> [PROBLEM DESCRIPTION]
In the entries below, find the line containing "A) / (\<alpha>" and the line containing "two affinities become". Copy those two lines and everything between them exactly, and only that.

+++ DATA FOR THIS EXERCISE

(* Let $\pi$ and $\mu$ be probability measures on $\mathbb{R}^d$ with $\mathrm{d}\pi(x)\propto\ell(x)\,\mathrm{d}\mu(x)$ for some integrable $\ell:\mathbb{R}^d\to\mathbb{R}_{\geq0}$, and let $\varphi_r:\mathbb{R}^d\to\mathbb{R}^r$ be any measurable feature map. For $\alpha\in(0,1]$ let $\ell_{\alpha,r}^{\mathrm{opt}}(\theta_r)=\mathbb{E}_{X\sim\mu}[\ell(X)^\alpha\mid\varphi_r(X)=\theta_r]^{1/\alpha}$ and $\mathrm{d}\pi_{\alpha,r}^{\mathrm{opt}}(x)\propto\ell_{\alpha,r}^{\mathrm{opt}}(\varphi_r(x))\,\mathrm{d}\mu(x)$. Then for any $0<\alpha\leq 1$, $$D_\alpha(\pi\,\|\,\pi_{\alpha,r}^{\mathrm{opt}})\leq D_\alpha(\pi\,\|\,\pi_{1,r}^{\mathrm{opt}})\leq\frac{1}{\alpha}D_\alpha(\pi\,\|\,\pi_{\alpha,r}^{\mathrm{opt}}).$$
   Context: For $\alpha\in\mathbb{R}$, the Amari $\alpha$-divergence is $D_\alpha(\nu\|\mu)=\int\phi_\alpha\big(\frac{\mathrm{d}\nu}{\mathrm{d}\mu}\big)\mathrm{d}\mu$ with $\phi_\alpha(t)=\frac{t^\alpha-1}{\alpha(\alpha-1)}-\frac{t-1}{\alpha-1}$ for $\alpha\notin\{0,1\}$ and $\phi_1(t)=t\ln t-t+1$ (the KL divergence). Conditional expectations are taken with respect to the disintegration of $\mu$ given $\varphi_r(X)=\theta_r$. *)

theory Defs
  imports "HOL-Probability.Probability"
begin

text \<open>Amari alpha-divergence generator. The case a = 0 (not used) is set to its limit.\<close>
definition phi_alpha :: "real \<Rightarrow> real \<Rightarrow> real" where
  "phi_alpha a t =
     (if a = 1 then t * ln t - t + 1
      else if a = 0 then t - 1 - ln t
      else (t powr a - 1) / (a * (a - 1)) - (t - 1) / (a - 1))"

text \<open>D_a(nu || mu) = integral of phi_a(d nu / d mu) d mu, as an extended nonnegative real
  (phi_a is nonnegative on [0,inf) for a > 0, so the value may be +infinity, e.g. KL).\<close>
definition alpha_div :: "real \<Rightarrow> 'a measure \<Rightarrow> 'a measure \<Rightarrow> ennreal" where
  "alpha_div a \<nu> \<mu> = (\<integral>\<^sup>+ x. ennreal (phi_alpha a (enn2real (RN_deriv \<mu> \<nu> x))) \<partial>\<mu>)"

text \<open>Optimal likelihood evaluated at the features: x \<mapsto> E[l(X)^a | phi(X)](x)^(1/a),
  the conditional expectation taken w.r.t. the sigma-algebra generated by the feature map.\<close>
definition l_opt :: "'a measure \<Rightarrow> ('a \<Rightarrow> 'b::topological_space) \<Rightarrow> ('a \<Rightarrow> real) \<Rightarrow> real \<Rightarrow> 'a \<Rightarrow> real" where
  "l_opt \<mu> \<phi> l a x =
     (max 0 (real_cond_exp \<mu> (vimage_algebra (space \<mu>) \<phi> borel) (\<lambda>y. l y powr a) x)) powr (1 / a)"

definition pi_opt :: "'a measure \<Rightarrow> ('a \<Rightarrow> 'b::topological_space) \<Rightarrow> ('a \<Rightarrow> real) \<Rightarrow> real \<Rightarrow> 'a measure" where
  "pi_opt \<mu> \<phi> l a =
     density \<mu> (\<lambda>x. ennreal (l_opt \<mu> \<phi> l a x / (\<integral>y. l_opt \<mu> \<phi> l a y \<partial>\<mu>)))"

end

theory Submission
  imports Defs
begin

text \<open>
  For probability densities \<open>p, q\<close> and \<open>0 < \<alpha> < 1\<close> the divergence is
  \<open>(1 - A) / (\<alpha> (1 - \<alpha>))\<close> with the Hellinger affinity \<open>A = \<integral> p powr \<alpha> * q powr (1 - \<alpha>)\<close>,
  so it suffices to compare affinities. Both approximating densities are functions of the
  feature, so inside the affinity \<open>l powr \<alpha>\<close> may be replaced by its conditional expectation
  \<open>L\<^sub>\<alpha> powr \<alpha>\<close>. With \<open>u = c L\<^sub>\<alpha>\<close> and \<open>v = c L\<^sub>1\<close> (so \<open>\<integral> v = 1\<close>) the two affinities become
  \<open>(\<integral> u) powr \<alpha>\<close> and \<open>\<integral> u powr \<alpha> * v powr (1 - \<alpha>)\<close>. Hoelder's inequality bounds the second
  by the first. Conditional Jensen gives \<open>u \<le> v\<close>, so the second is at least \<open>\<integral> u\<close>, and Young's
  inequality \<open>(\<integral> u) powr \<alpha> \<le> \<alpha> \<integral> u + 1 - \<alpha>\<close> turns this into the factor \<open>1 / \<alpha>\<close>.
\<close>

lemma Youngs_inequality_0_nonneg:
  fixes x y t :: real
  assumes "0 \<le> x" "0 \<le> y" "0 < t" "t < 1"
  shows "x powr t * y powr (1 - t) \<le> t * x + (1 - t) * y"
  using Youngs_inequality_0[of t "1 - t" x y] assms by (cases "x = 0 \<or> y = 0") auto

lemma convex_on_powr_nonneg:
  fixes p :: real
  assumes "1 \<le> p"
  shows "convex_on {0..} (\<lambda>x. x powr p)"
proof (rule convex_on_linorderI)
  fix t x y :: real
  assume t: "0 < t" "t < 1" and xy: "x \<in> {0..}" "y \<in> {0..}" "x < y"
  show "((1 - t) *\<^sub>R x + t *\<^sub>R y) powr p \<le> (1 - t) * x powr p + t * y powr p"
  proof (cases "x = 0")
    case True
    have "t powr p \<le> t powr 1"
      using t assms by (intro powr_mono') auto
    then show ?thesis
      using True t xy by (simp add: powr_mult mult_right_mono)
  next
    case False
    then show ?thesis
      using convex_onD[OF powr_convex[OF assms], of t x y] t xy by simp
  qed
qed simp

lemma convex_on_max_0_powr:
  fixes p :: real
  assumes "1 \<le> p"
  shows "convex_on UNIV (\<lambda>x. max 0 x powr p)"
proof (rule convex_onI)
  fix t x y :: real
  assume t: "0 < t" "t < 1"
  have "max 0 ((1 - t) *\<^sub>R x + t *\<^sub>R y) \<le> (1 - t) *\<^sub>R max 0 x + t *\<^sub>R max 0 y"
    using t by (auto intro: add_mono mult_left_mono)
  then have "max 0 ((1 - t) *\<^sub>R x + t *\<^sub>R y) powr p \<le> ((1 - t) *\<^sub>R max 0 x + t *\<^sub>R max 0 y) powr p"
    using assms by (intro powr_mono2) auto
  also have "\<dots> \<le> (1 - t) * max 0 x powr p + t * max 0 y powr p"
    using convex_onD[OF convex_on_powr_nonneg[OF assms], of t "max 0 x" "max 0 y"] t by simp
  finally show "max 0 ((1 - t) *\<^sub>R x + t *\<^sub>R y) powr p \<le> (1 - t) * max 0 x powr p + t * max 0 y powr p" .
qed simp

lemma phi_alpha_eq:
  assumes "0 < a" "a < 1"
  shows "phi_alpha a t = (a * t + (1 - a) - t powr a) / (a * (1 - a))"
proof -
  have "(t - 1) / (a - 1) = a * (t - 1) / (a * (a - 1))"
    using assms by simp
  then have "phi_alpha a t = (t powr a - 1 - a * (t - 1)) / (a * (a - 1))"
    using assms by (simp add: phi_alpha_def diff_divide_distrib)
  also have "\<dots> = - (t powr a - 1 - a * (t - 1)) / - (a * (a - 1))"
    by (rule minus_divide_divide[symmetric])
  also have "\<dots> = (a * t + (1 - a) - t powr a) / (a * (1 - a))"
    by (rule arg_cong2[where f = "(/)"]) (simp_all add: algebra_simps)
  finally show ?thesis .
qed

++++++

> [EXERCISE ANSWER]
  \<open>(1 - A) / (\<alpha> (1 - \<alpha>))\<close> with the Hellinger affinity \<open>A = \<integral> p powr \<alpha> * q powr (1 - \<alpha>)\<close>,
  so it suffices to compare affinities. Both approximating densities are functions of the
  feature, so inside the affinity \<open>l powr \<alpha>\<close> may be replaced by its conditional expectation
  \<open>L\<^sub>\<alpha> powr \<alpha>\<close>. With \<open>u = c L\<^sub>\<alpha>\<close> and \<open>v = c L\<^sub>1\<close> (so \<open>\<integral> v = 1\<close>) the two affinities become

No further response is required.